To sell guns as a business you must have an FFL, conduct checks, and mark the paperwork for the gun show you are participating in. You cannot legally be in the business of selling firearms without an FFL and running NICS. You can, as a private citizen, sell your stuff to other private citizens. I cannot say for certain, but I would imagine most gun shows require you to be an FFL to sell guns at your vendor spot. They might not, nor are they required to if they are your private firearms unless local regulation states you must have an FFL to sell at a gun show. This necessitates more and more work arounds like parking lot sales and driving briefly away from the show to “sell” the firearm and then returning.
Those sales are known as the secondary market.
So not vendors as in businesses. Not people in the business of selling firearms for profit. A private individual selling from their private collection.

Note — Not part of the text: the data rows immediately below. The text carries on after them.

definition fst_kernel ::
    "('a::finite \<times> 'b::finite \<Rightarrow> real) \<Rightarrow> ('a \<times> 'b \<Rightarrow> 'a \<times> 'b \<Rightarrow> real) \<Rightarrow> 'a \<Rightarrow> 'a \<Rightarrow> real"
  where "fst_kernel p R x x' = fst_marginal (edge_measure p R) x x' / (\<Sum>y\<in>UNIV. p (x, y))"

definition snd_kernel ::
    "('a::finite \<times> 'b::finite \<Rightarrow> real) \<Rightarrow> ('a \<times> 'b \<Rightarrow> 'a \<times> 'b \<Rightarrow> real) \<Rightarrow> 'b \<Rightarrow> 'b \<Rightarrow> real"
  where "snd_kernel p R y y' = snd_marginal (edge_measure p R) y y' / (\<Sum>x\<in>UNIV. p (x, y))"

lemma fst_kernel_pos_iff:
  assumes "\<And>u. 0 < p u"
  shows "0 < fst_kernel p R x x' \<longleftrightarrow> 0 < fst_marginal (edge_measure p R) x x'"
proof -
  have "0 < (\<Sum>y\<in>UNIV. p (x, y))" using assms by (simp add: sum_pos)
  then show ?thesis by (simp add: fst_kernel_def zero_less_divide_iff)
qed

lemma snd_kernel_pos_iff:
  assumes "\<And>u. 0 < p u"
  shows "0 < snd_kernel p R y y' \<longleftrightarrow> 0 < snd_marginal (edge_measure p R) y y'"
proof -
  have "0 < (\<Sum>x\<in>UNIV. p (x, y))" using assms by (simp add: sum_pos)
  then show ?thesis by (simp add: snd_kernel_def zero_less_divide_iff)
qed

lemma stochastic_fst_kernel:
  assumes R: "stochastic R" and p: "\<And>u. 0 < p u"
  shows "stochastic (fst_kernel p R)"
proof -
  have pos: "0 < (\<Sum>y\<in>UNIV. p (x, y))" for x using p by (simp add: sum_pos)
  have "0 \<le> fst_marginal (edge_measure p R) x x'" for x x'
    using edge_measure_nonneg[OF R] p by (simp add: fst_marginal_nonneg less_imp_le)
  with pos show ?thesis
    unfolding stochastic_def fst_kernel_def
    by (simp add: sum_fst_marginal_edge_measure_row[OF R] divide_nonneg_pos less_imp_neq[OF pos, symmetric]
        flip: sum_divide_distrib)
qed

lemma stochastic_snd_kernel:
  assumes R: "stochastic R" and p: "\<And>u. 0 < p u"
  shows "stochastic (snd_kernel p R)"
proof -
  have pos: "0 < (\<Sum>x\<in>UNIV. p (x, y))" for y using p by (simp add: sum_pos)
  have "0 \<le> snd_marginal (edge_measure p R) y y'" for y y'
    using edge_measure_nonneg[OF R] p by (simp add: snd_marginal_nonneg less_imp_le)
  with pos show ?thesis
    unfolding stochastic_def snd_kernel_def
    by (simp add: sum_snd_marginal_edge_measure_row[OF R] divide_nonneg_pos less_imp_neq[OF pos, symmetric]
        flip: sum_divide_distrib)
qed

lemma stochastic_product:
  assumes "stochastic A" "stochastic B"
  shows "stochastic (\<lambda>u v. A (fst u) (fst v) * B (snd u) (snd v))"
  using assms by (simp add: stochastic_def sum_UNIV_pair flip: sum_product)

lemma marginal_product_edge_measure_eq:
  assumes "\<And>u. 0 < p u"
  shows "marginal_product (edge_measure p R) u v = (\<Sum>y\<in>UNIV. p (fst u, y)) * (\<Sum>x\<in>UNIV. p (x, snd u))
    * (fst_kernel p R (fst u) (fst v) * snd_kernel p R (snd u) (snd v))"
proof -
  have "0 < (\<Sum>y\<in>UNIV. p (fst u, y))" "0 < (\<Sum>x\<in>UNIV. p (x, snd u))"
    using assms by (simp_all add: sum_pos)
  then show ?thesis by (simp add: marginal_product_def fst_kernel_def snd_kernel_def)
qed

lemma sum_marginal_product_ln_less:
  fixes R :: "'a::finite \<times> 'b::finite \<Rightarrow> 'a \<times> 'b \<Rightarrow> real"
  assumes R: "stochastic R" and p: "invariant_prob R p" and p_pos: "\<And>u. 0 < p u"
    and support: "\<And>x y x' y'. 0 < R (x, y) (x', y') \<longleftrightarrow> A x x' \<and> B y y'"
    and not_product: "\<nexists>KX KY. \<forall>u v. R u v = KX (fst u) (fst v) * KY (snd u) (snd v)"
  shows "(\<Sum>u\<in>UNIV. \<Sum>v\<in>UNIV. marginal_product (edge_measure p R) u v * ln (R u v))
    < (\<Sum>u\<in>UNIV. \<Sum>v\<in>UNIV. edge_measure p R u v * ln (R u v))"
proof -
  define K where "K u v = fst_kernel p R (fst u) (fst v) * snd_kernel p R (snd u) (snd v)" for u v
  define m where "m u = (\<Sum>y\<in>UNIV. p (fst u, y)) * (\<Sum>x\<in>UNIV. p (x, snd u))" for u
  have K: "stochastic K"
    unfolding K_def by (intro stochastic_product stochastic_fst_kernel stochastic_snd_kernel R p_pos)
  have m_pos: "0 < m u" for u unfolding m_def using p_pos by (simp add: sum_pos)
  have e_eq: "marginal_product (edge_measure p R) u v = m u * K u v" for u v
    unfolding m_def K_def by (rule marginal_product_edge_measure_eq[of p, OF p_pos])
  have \<nu>_nonneg: "0 \<le> edge_measure p R u v" for u v
    using p_pos by (simp add: edge_measure_nonneg[OF R] less_imp_le)
  have R_imp_K: "0 < K u v" if "0 < R u v" for u v
  proof -
    have "0 < edge_measure p R u v" using that p_pos[of u] by (simp add: edge_measure_def)
    then show ?thesis
      using le_fst_marginal[of "edge_measure p R", OF \<nu>_nonneg, of u v]
        le_snd_marginal[of "edge_measure p R", OF \<nu>_nonneg, of u v]
      by (simp add: K_def fst_kernel_pos_iff[of p, OF p_pos] snd_kernel_pos_iff[of p, OF p_pos])
  qed
  have K_imp_R: "0 < R u v" if "0 < K u v" for u v
    using that m_pos[of u] e_eq[of u v] stochastic_nonneg[OF R]
    by (intro marginal_product_edge_measure_imp_pos[where R=R and p=p, OF _ support]) auto
  have "R \<noteq> K"
  proof
    assume "R = K"
    then have "\<forall>u v. R u v = fst_kernel p R (fst u) (fst v) * snd_kernel p R (snd u) (snd v)"
      by (simp add: K_def)
    with not_product show False by blast
  qed
  \<comment> \<open>Gibbs' inequality twice, around the product chain \<open>K\<close> with the same coordinate marginals\<close>
  have "(\<Sum>u\<in>UNIV. \<Sum>v\<in>UNIV. marginal_product (edge_measure p R) u v * ln (R u v))
      < (\<Sum>u\<in>UNIV. \<Sum>v\<in>UNIV. marginal_product (edge_measure p R) u v * ln (K u v))"
    using gibbs_inequality_rows(2)[of K R m, OF stochastic_nonneg[OF K] stochastic_nonneg[OF R] K_imp_R]
      stochastic_row_sum[OF K] stochastic_row_sum[OF R] m_pos \<open>R \<noteq> K\<close> by (simp add: e_eq)
  also have "\<dots> = (\<Sum>u\<in>UNIV. \<Sum>v\<in>UNIV. edge_measure p R u v * ln (K u v))"
    unfolding K_def using fst_kernel_pos_iff[of p, OF p_pos] snd_kernel_pos_iff[of p, OF p_pos]
    by (intro sum_marginal_product_ln_product_kernel[OF R p]) simp_all
  also have "\<dots> \<le> (\<Sum>u\<in>UNIV. \<Sum>v\<in>UNIV. edge_measure p R u v * ln (R u v))"
    using gibbs_inequality_rows(1)[of R K p, OF stochastic_nonneg[OF R] stochastic_nonneg[OF K] R_imp_K]
      stochastic_row_sum[OF K] stochastic_row_sum[OF R] p_pos by (simp add: edge_measure_def)
  finally show ?thesis .
qed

Just like the law does not make a distinction between the tiny machine gun and the massive one, the law does not make a distinction between a private citizen transfer when they happen to be standing at a gun show and one that takes place in a parking lot a block away, at a police station, or at someone’s home.
The Gun Show Loophole Closing Act of 2021 was introduced in the U.S. House in 2021, but has yet to proceed out of committee.

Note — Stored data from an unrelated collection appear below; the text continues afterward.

lemma norm_kappa: "norm (kappa x) = norm x"
proof (rule antisym)
  show "norm (kappa x) \<le> norm x"
  proof (rule norm_blinfun_bound)
    show "norm (blinfun_apply (kappa x) xs) \<le> norm x * norm xs" for xs
      using norm_blinfun[of xs x] by (simp add: kappa_apply mult.commute)
  qed simp
  obtain f :: "'a \<Rightarrow>\<^sub>L real" where f: "blinfun_apply f x = norm x" "norm f \<le> 1"
    by (rule exists_norming_functional)
  have "norm x = norm (blinfun_apply (kappa x) f)" using f by (simp add: kappa_apply)
  also have "\<dots> \<le> norm (kappa x) * norm f" by (rule norm_blinfun)
  also have "\<dots> \<le> norm (kappa x)" using f(2) by (simp add: mult_left_le)
  finally show "norm x \<le> norm (kappa x)" .
qed

lemma kappa_add: "kappa (x + y) = kappa x + kappa y"
  by (rule blinfun_eqI) (simp add: kappa_apply blinfun.add_left blinfun.add_right)

lemma kappa_scaleR: "kappa (c *\<^sub>R x) = c *\<^sub>R kappa x"
  by (rule blinfun_eqI) (simp add: kappa_apply blinfun.scaleR_left blinfun.scaleR_right)

lemma inj_kappa: "inj kappa"
proof (rule injI)
  fix x y :: "'a::real_normed_vector"
  assume "kappa x = kappa y"
  then have "kappa (x - y) = 0"
    using kappa_add[of "x - y" y] by simp
  then show "x = y" using norm_kappa[of "x - y"] by simp
qed

context
  fixes act :: "'g::group_add \<Rightarrow> 'x::real_normed_vector \<Rightarrow> 'x"
  assumes act: "affine_isometric_action act"
begin

lemma act_zero: "act 0 x = x"
  and act_add: "act (g + h) x = act g (act h x)"
  and dist_act: "dist (act g x) (act g y) = dist x y"
  and act_affine: "act g ((1 - t) *\<^sub>R x + t *\<^sub>R y) = (1 - t) *\<^sub>R act g x + t *\<^sub>R act g y"
  using act unfolding affine_isometric_action_def by blast+

lemma lin_part_scaleR: "lin_part act g (c *\<^sub>R x) = c *\<^sub>R lin_part act g x"
  using act_affine[of g c 0 x] by (simp add: lin_part_def algebra_simps)

text \<open>Additivity comes from preservation of midpoints.\<close>

lemma lin_part_add: "lin_part act g (x + y) = lin_part act g x + lin_part act g y"
proof -
  have "(1/2) *\<^sub>R lin_part act g (x + y) = lin_part act g ((1/2) *\<^sub>R x + (1/2) *\<^sub>R y)"
    by (simp only: lin_part_scaleR[symmetric] scaleR_add_right)
  also have "\<dots> = (1/2) *\<^sub>R lin_part act g x + (1/2) *\<^sub>R lin_part act g y"
    using act_affine[of g "1/2" x y] by (simp add: lin_part_def algebra_simps flip: scaleR_add_left)
  finally show ?thesis by (simp flip: scaleR_add_right)
qed

lemma norm_lin_part: "norm (lin_part act g x) = norm x"
  using dist_act[of g x 0] by (simp add: lin_part_def dist_norm)

lemma bounded_linear_lin_part: "bounded_linear (lin_part act g)"
  by (rule bounded_linear_intro[of _ 1]) (auto simp: lin_part_add lin_part_scaleR norm_lin_part)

This is because the Gun Show Loophole (private sales) like the ‘boyfriend’ loophole (non-cohabiting dating partner) is a small niche circumstantial method to acquire a firearm and has no reliable data showing it is a remotely significant source of firearms transfers that end in serious criminal activity. Firearms that are stolen (and the ATF themselves have lost thousands) are a significantly larger and more blatant problem. The boyfriend loophole was closed purely for political points, not efficacy, and the gun show loophole is the same snake oil. It will pass if and when the legislature needs a gun control win or else.
Strawman purchase
Considered a loophole in gun control,
A loophole? It’s a Federal Crime.
Gun stores are encouraged to deny sales to anyone they suspect of straw purchasing, like someone being denied a purchase but then their buddy or their girlfriend suddenly wants to purchase it instead.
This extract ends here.